Итак, между развратом куртуазной любви и масонскими нравоучительными проповедями, в равной мере иссушавшими сердце, человек XVIII века мог любить открыто, глубоко и не постыдно только в браке. Однако супружеские чувства без романтических прикрас уже казались ему скучны. Поэтому среди вполне счастливых пар распространилось стремление разыгрывать галантные страсти у семейного камелька. Писать друг другу стихи, преклоняться перед женой, как перед прекрасной дамой, ревновать и чаять похищения любезного предмета. Словом, простодушно соединять куртуазность с законностью. Явление чисто русское. При этом происходила профанация самой сути культурного феномена. Ведь дама сердца всегда недостижима.
Одним из немногих, кому удалось соединить семейную жизнь с непрекращающимся ухаживанием за супругой, был Николай Еремеевич Струйский, выпускник Московского университета, отставной гвардейский сержант, помещик и поэт-графоман, влюбленный в стихи так же страстно, как и в жену. Портрет этой прекрасной женщины кисти Федора Рокотова воспел Николай Заболоцкий:
Любите живопись, поэты!
Лишь ей, единственной, дано
Души изменчивой приметы
Переносить на полотно.
Ты помнишь, как из тьмы былого,
Едва закутана в атлас,
С портрета Рокотова снова
Смотрела Струйская на нас?
Ее глаза — как два тумана,
Полуулыбка, полуплач.
Ее глаза — как два обмана,
Покрыты мглою неудач.
Соединенье двух загадок,
Полувосторг, полуиспуг,
Безумной нежности припадок,
Предвосхищенье смертных мук…
Эти стихи в XX веке подкупили сердца многих читателей. Но мало кому было известно, что прекрасная дама на полотне Рокотова избалована пиитическими признаниями, что ей посвящены «Еротоиды» Струйского, двести лет назад весьма известные и переписывавшиеся из одного дамского альбомчика в другой. В 60-е годы XVIII века в журналах «Невинное упражнение» и «Свободные часы» появлялись студенческие стихи Струйского. На современный вкус крайне наивные:
Я песенку мою
Зардевшися пою.
Пою, пою, пою.
Любови не таю.
Любить умею,
В любови тлею…
Кого люблю, сказать не смею!
Конечно, это не Заболоцкий. Но и время было другое. Литература — и простодушнее, и безыскуснее. Такие вершины, как Ломоносов или Державин, возвышались горными хребтами над долиной, где пастушки и фавны разыгрывали пасторали. Струйский уверял, будто изобрел зрительные стекла — сажесеты, при помощи которых мог заглядывать не только внутрь человеческого глаза, но и «до самых мыслей оным проникнуть». Так он заглянул в очи избранницы и обнаружил там «множество преострых стрел» и «фейерверочных ракет». Испуганный юноша вознамерился было обратить внимание на другие глаза, «которые не столь бы ядовиты были… и тотчас вошел в стихотворческие размышления, воображая себе маленьких купидончиков, составляющих сии заразительные орудия»[462].
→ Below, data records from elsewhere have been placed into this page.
(* Let $p\ge 2$ be an integer and $\eta>0$. Then the function $\tau_\ell^-$ is strictly decreasing on $[0,1]$.
   Context: For an integer $p\ge 2$ and a real parameter $\eta>-1$, define for $\tau\ge 0$ and $s\in[-1,1]$ $$\ell_-(\tau,s)=\cos\tau\,\sin\!\Big(\tau\eta s-\tfrac{\pi}{p}\Big)+s\sin\tau\,\cos\!\Big(\tau\eta s-\tfrac{\pi}{p}\Big),$$ and let $\tau_\ell^-(s)$ be the smallest positive root in $\tau$ of $\ell_-(\tau,s)=0$. *)

theory Defs
  imports Complex_Main
begin

definition ell_minus :: "nat \<Rightarrow> real \<Rightarrow> real \<Rightarrow> real \<Rightarrow> real" where
  "ell_minus p \<eta> \<tau> s =
     cos \<tau> * sin (\<tau> * \<eta> * s - pi / real p) + s * sin \<tau> * cos (\<tau> * \<eta> * s - pi / real p)"

definition tau_ell_minus :: "nat \<Rightarrow> real \<Rightarrow> real \<Rightarrow> real" where
  "tau_ell_minus p \<eta> s = (LEAST \<tau>. \<tau> > 0 \<and> ell_minus p \<eta> \<tau> s = 0)"

end

theory Submission
  imports Defs "HOL-Analysis.Analysis"
begin

text \<open>Write \<open>\<theta>(\<tau>, s) = \<tau> \<eta> s - \<pi>/p\<close> for the phase, so that
  \<open>\<ell>\<^sub>-(\<tau>, s) = cos \<tau> sin \<theta> + s sin \<tau> cos \<theta>\<close>. Since \<open>\<ell>\<^sub>-(0, s) = -sin(\<pi>/p) < 0\<close>, any
  point \<open>\<tau> > 0\<close> with \<open>\<ell>\<^sub>-(\<tau>, s) > 0\<close> has a root of \<open>\<ell>\<^sub>-(\<cdot>, s)\<close> before it. Given
  \<open>s\<^sub>1 < s\<^sub>2\<close> and \<open>r = \<tau>\<^sub>\<ell>\<^sup>-(s\<^sub>1) \<le> \<pi>/2\<close>, such a point for \<open>s\<^sub>2\<close> exists in \<open>(0, r]\<close>:
  either the phase \<open>\<theta>(\<cdot>, s\<^sub>2)\<close> vanishes before \<open>r\<close>, and there \<open>\<ell>\<^sub>- = s\<^sub>2 sin \<tau> > 0\<close>; or
  \<open>\<theta>(r, s\<^sub>1) < \<theta>(r, s\<^sub>2) \<le> 0\<close>, and on \<open>[-\<pi>/2, 0]\<close> both summands of \<open>\<ell>\<^sub>-(r, \<cdot>)\<close> increase
  with \<open>s\<close>, strictly in the second one. The case \<open>s\<^sub>1 = 0\<close>, \<open>r = \<pi>/2\<close> of the same
  argument shows that a root in \<open>(0, \<pi>/2]\<close> exists at all.\<close>

lemma Least_positive_root:
  fixes f :: "real \<Rightarrow> real"
  assumes cont: "continuous_on {0..y} f" and "f 0 \<noteq> 0" "0 < y" "f y = 0"
  defines "r \<equiv> LEAST t. 0 < t \<and> f t = 0"
  shows "0 < r" "f r = 0" "\<And>t. 0 < t \<Longrightarrow> f t = 0 \<Longrightarrow> r \<le> t"
proof -
  define S where "S = {t \<in> {0..y}. f t = 0}"
  have "closed S"
    unfolding S_def using cont by (rule continuous_closed_preimage_constant) simp
  moreover have "S \<noteq> {}" "bdd_below S"
    using assms unfolding S_def by (auto intro: bdd_belowI[of _ 0])
  ultimately have Inf_S: "Inf S \<in> S"
    by (rule closed_contains_Inf[rotated -1])
  have Inf_pos: "0 < Inf S" and Inf_root: "f (Inf S) = 0"
    using Inf_S assms(2) unfolding S_def by (auto simp: order.order_iff_strict)
  have Inf_least: "Inf S \<le> t" if "0 < t" "f t = 0" for t
  proof (cases "t \<le> y")
    case True
    then have "t \<in> S" using that unfolding S_def by simp
    then show ?thesis using \<open>bdd_below S\<close> by (rule cInf_lower)
  next
    case False
    then show ?thesis using Inf_S unfolding S_def by simp
  qed
  have "r = Inf S"
    unfolding r_def by (rule Least_equality) (use Inf_pos Inf_root Inf_least in auto)
  then show "0 < r" "f r = 0" "\<And>t. 0 < t \<Longrightarrow> f t = 0 \<Longrightarrow> r \<le> t"
    using Inf_pos Inf_root Inf_least by simp_all
qed

lemma continuous_on_ell_minus: "continuous_on A (\<lambda>\<tau>. ell_minus p \<eta> \<tau> s)"
  unfolding ell_minus_def by (intro continuous_intros)

lemma pi_div_le_pi_half: "p \<ge> 2 \<Longrightarrow> pi / real p \<le> pi / 2"
  by (rule divide_left_mono) auto

lemma ell_minus_at_zero:
  assumes "p \<ge> 2"
  shows "ell_minus p \<eta> 0 s < 0"
proof -
  have "0 < pi / real p" "pi / real p < pi"
    using assms pi_div_le_pi_half[OF assms] pi_gt_zero by (simp, linarith)
  then show ?thesis unfolding ell_minus_def by (simp add: sin_gt_zero)
qed

lemma ell_minus_root_below:
  assumes "p \<ge> 2" "0 < t" "ell_minus p \<eta> t s > 0"
  shows "\<exists>y. 0 < y \<and> y < t \<and> ell_minus p \<eta> y s = 0"
proof -
  have neg: "ell_minus p \<eta> 0 s < 0" using assms(1) by (rule ell_minus_at_zero)
  obtain y where y: "0 \<le> y" "y \<le> t" "ell_minus p \<eta> y s = 0"
    using IVT'[of "\<lambda>\<tau>. ell_minus p \<eta> \<tau> s" 0 0 t] neg assms continuous_on_ell_minus by force
  moreover have "y \<noteq> 0" using y neg by auto
  moreover have "y \<noteq> t" using y assms(3) by auto
  ultimately show ?thesis by (intro exI[of _ y]) auto
qed

lemma ell_minus_phase_zero:
  assumes "\<tau> * \<eta> * s = pi / real p"
  shows "ell_minus p \<eta> \<tau> s = s * sin \<tau>"
  unfolding ell_minus_def assms by simp

lemma ell_minus_strict_mono_in_s:
  assumes "p \<ge> 2" "0 < r" "r \<le> pi / 2" "0 < \<eta>" "0 \<le> s1" "s1 < s2"
    and phase_nonpos: "r * \<eta> * s2 \<le> pi / real p"
  shows "ell_minus p \<eta> r s1 < ell_minus p \<eta> r s2"
proof -
  define \<theta>1 where "\<theta>1 = r * \<eta> * s1 - pi / real p"
  define \<theta>2 where "\<theta>2 = r * \<eta> * s2 - pi / real p"
  have "0 \<le> r * \<eta> * s1" using assms by simp
  then have lower: "- (pi / 2) \<le> \<theta>1"
    unfolding \<theta>1_def using pi_div_le_pi_half[OF assms(1)] by linarith
  have between: "\<theta>1 < \<theta>2" unfolding \<theta>1_def \<theta>2_def using assms by simp
  have upper: "\<theta>2 \<le> 0" unfolding \<theta>2_def using phase_nonpos by simp
  have sin_le: "sin \<theta>1 \<le> sin \<theta>2"
    by (rule sin_monotone_2pi_le) (use lower between upper pi_gt_zero in linarith)+
  have cos_le: "cos \<theta>1 \<le> cos \<theta>2"
    by (rule cos_monotone_minus_pi_0') (use lower between upper pi_gt_zero in linarith)+
  have cos_pos: "0 < cos \<theta>2"
    by (rule cos_gt_zero_pi) (use lower between upper pi_gt_zero in linarith)+
  have cos_r: "0 \<le> cos r" and sin_r: "0 < sin r"
    using assms(2,3) by (auto intro!: cos_ge_zero sin_gt_zero)
  have "cos r * sin \<theta>1 \<le> cos r * sin \<theta>2"
    using sin_le cos_r by (rule mult_left_mono)
  moreover have "s1 * sin r * cos \<theta>1 \<le> s1 * sin r * cos \<theta>2"
    using assms(5) sin_r cos_le by (simp add: mult_left_mono)
  moreover have "s1 * sin r * cos \<theta>2 < s2 * sin r * cos \<theta>2"
    using assms(6) sin_r cos_pos by simp
  ultimately show ?thesis unfolding ell_minus_def \<theta>1_def[symmetric] \<theta>2_def[symmetric] by linarith
qed

lemma ell_minus_root_before_root:
  assumes "p \<ge> 2" "0 < \<eta>" "0 \<le> s1" "s1 < s2"
    and "0 < r" "r \<le> pi / 2" "ell_minus p \<eta> r s1 = 0"
  shows "\<exists>y. 0 < y \<and> y < r \<and> ell_minus p \<eta> y s2 = 0"
proof (cases "pi / real p / (\<eta> * s2) < r")
  case True
  define \<phi> where "\<phi> = pi / real p / (\<eta> * s2)"
  have "0 < s2" using assms by simp
  then have "0 < \<phi>" "\<phi> * \<eta> * s2 = pi / real p"
    unfolding \<phi>_def using assms by (simp_all add: field_simps)
  moreover have "\<phi> < pi" using True assms(6) pi_gt_zero unfolding \<phi>_def by linarith
  ultimately have "ell_minus p \<eta> \<phi> s2 > 0"
    using \<open>0 < s2\<close> by (simp add: ell_minus_phase_zero sin_gt_zero)
  then show ?thesis
    using ell_minus_root_below[OF assms(1) \<open>0 < \<phi>\<close>] True unfolding \<phi>_def by force
next
  case False
  then have "r * \<eta> * s2 \<le> pi / real p" using assms by (simp add: field_simps)
  then have "ell_minus p \<eta> r s2 > 0"
    using ell_minus_strict_mono_in_s[of p r \<eta> s1 s2] assms by simp
  then show ?thesis using ell_minus_root_below[OF assms(1,5)] by blast
qed

lemma ell_minus_root_exists:
  assumes "p \<ge> 2" "0 < \<eta>" "0 \<le> s"
  shows "\<exists>y. 0 < y \<and> y \<le> pi / 2 \<and> ell_minus p \<eta> y s = 0"
proof (cases "s = 0")
  case True
  then show ?thesis by (intro exI[of _ "pi / 2"]) (simp add: ell_minus_def)
next
  case False
  have "ell_minus p \<eta> (pi / 2) 0 = 0" by (simp add: ell_minus_def)
  then show ?thesis
    using ell_minus_root_before_root[of p \<eta> 0 s "pi / 2"] assms False by force
qed

lemma tau_ell_minus:
  assumes "p \<ge> 2" "0 < \<eta>" "0 \<le> s"
  shows tau_ell_minus_pos: "0 < tau_ell_minus p \<eta> s"
    and tau_ell_minus_le_pi_half: "tau_ell_minus p \<eta> s \<le> pi / 2"
    and ell_minus_tau_ell_minus: "ell_minus p \<eta> (tau_ell_minus p \<eta> s) s = 0"
    and tau_ell_minus_le_root: "\<And>y. 0 < y \<Longrightarrow> ell_minus p \<eta> y s = 0 \<Longrightarrow> tau_ell_minus p \<eta> s \<le> y"
proof -
  obtain y where y: "0 < y" "y \<le> pi / 2" "ell_minus p \<eta> y s = 0"
    using ell_minus_root_exists[OF assms] by blast
  note least = Least_positive_root[of y "\<lambda>\<tau>. ell_minus p \<eta> \<tau> s",
      OF continuous_on_ell_minus less_imp_neq[OF ell_minus_at_zero[OF assms(1)]] y(1,3),
      folded tau_ell_minus_def]
  show "0 < tau_ell_minus p \<eta> s" "ell_minus p \<eta> (tau_ell_minus p \<eta> s) s = 0"
    "\<And>y. 0 < y \<Longrightarrow> ell_minus p \<eta> y s = 0 \<Longrightarrow> tau_ell_minus p \<eta> s \<le> y"
    using least by auto
  show "tau_ell_minus p \<eta> s \<le> pi / 2" using least(3)[OF y(1,3)] y(2) by linarith
qed

theorem mainTheorem6:
  fixes p :: nat and \<eta> :: real
  assumes "p \<ge> 2" and "\<eta> > 0"
  shows "\<forall>s1 s2. 0 \<le> s1 \<longrightarrow> s1 < s2 \<longrightarrow> s2 \<le> 1 \<longrightarrow>
           tau_ell_minus p \<eta> s2 < tau_ell_minus p \<eta> s1"
proof (intro allI impI)
  fix s1 s2 :: real
  assume s: "0 \<le> s1" "s1 < s2" "s2 \<le> 1"
  obtain y where y: "0 < y" "y < tau_ell_minus p \<eta> s1" "ell_minus p \<eta> y s2 = 0"
    using ell_minus_root_before_root[OF assms s(1,2) tau_ell_minus_pos tau_ell_minus_le_pi_half
        ell_minus_tau_ell_minus] assms s(1) by blast
  have "tau_ell_minus p \<eta> s2 \<le> y"
    using tau_ell_minus_le_root[OF assms _ y(1,3)] s by simp
  with y(2) show "tau_ell_minus p \<eta> s2 < tau_ell_minus p \<eta> s1" by simp
qed

end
В 1768 году Струйский женился на Олимпиаде Сергеевне Балбековой. В поэмах он называл ее «Татиссой» и прославлял белым стихом:
Пей со мной одну здесь чашу,
Сладости в уста вливая,
Расцелуй меня, Татисса,
Как целован был доныне!
Обнимай, мой свет, нежнее,
Чувствия мои пленяя…
К несчастью, Татисса умерла при родах, оставив совсем юного, 20-летнего мужа, с двумя близнецами — девочками Прасковьей и Александрой[463]. Николай Еремеевич оплакал ее, как положено, не только прозаически, но и в стихах:
Не расцветайте розы,
Любезныя уж нет.
Ея уж нет на свете.
Померк ея уж свет…
Через три года Струйский встретил и полюбил Александру Петровну Озерову, небогатую дворянку, проживавшую в Москве. Он придумал ей звучное поэтическое имя Сапфира, и его муза вновь ожила. И через 15 лет брака страсть Николая Еремеевича к жене была столь же жаркой, как и в 1772 году:
Ероту песни посвящаю,
Еротом жизнь мою прельщаю,
Ерот в мой век меня любил,
Ерот мне в грудь стрелами бил:
Я пламень сей тобой, Сапфира, ощущаю!
По отзывам современников, супруги были полной противоположностью. Быстрый, нервный, вспыльчивый, иногда склонный к деспотичной жестокости муж. И мягкая, достойная, хозяйственная жена, имевшая над ним несомненную власть. Мемуарист князь И. М. Долгоруков вспоминал: «Александра Петровна была женщина совсем других, чем ее муж, склонностей и характера. Тверда, благоразумна, осторожна. Я, признаюсь, мало женщин знавал таких, о коих обязан говорить с чувством усердия и признательности»[464].
Противоположности сходятся. Брак Струйских был тому подтверждением. Супруги любили друг друга. Александра Петровна родила мужу 18 детей, из которых восемь выжили. До последних дней Николай Еремеевич продолжал сочинять стихотворные признания своей суженой:
Ежели б возможно было
Анатомить мое сердце,
Чтоб мне жить осталось после,
Как мою раскроют грудь,
То б мое печально сердце
Той, конечно, показало,
Той, я кою обожаю,
Как давно по ней вздыхаю,
Сколь по ней я плачу, стражду…
Конечно, живя в богатом имении Рузаевка, в доме-дворце, построенном по чертежам В. И. Баженова, окруженный толпой детей и супругой, выполнявшей его малейшие желания, Николай Еремеевич давно не плакал и не страдал. Но положение обязывало. Взялся писать «еротоиды», изволь покорять сердце любимой вздохами и слезами. Струйского отказывались печатать в столичных журналах, он сам издавал свои книги в роскошных переплетах и на дорогой бумаге, а потом дарил всем проезжающим. Благодаря этому его страсть к Сапфире обрела общероссийскую известность.
Сидеть на двух стульях Струйскому было нелегко. Но, как мы уже говорили, весь русский XVIII век в каком-то смысле сидел на двух стульях и находил это удобным. Попытка соединить несоединимое, чтобы достигнуть идеала, видна и в семейной жизни. Суть куртуазной любви — вечная погоня за предметом. Суть любви супружеской — само обладание. Русская культура, традиционно привыкшая ко второму варианту отношений, склонна не предвкушать, а вкушать любовь. Но как растянуть мимолетное на годы? В рыцарских романах этому помогают частые разлуки и страдания разъединенных пар, для которых каждая новая встреча как первая. В сниженной, повседневной жизни вечное воспроизводство влюбленности достигается сменой предметов страсти. Россия, как часто случается, придумала нечто новое — куртуазную любовь в браке. Неожиданный гибрид, примиривший многих сторонников «просвещенных» отношений с необходимостью иметь семью.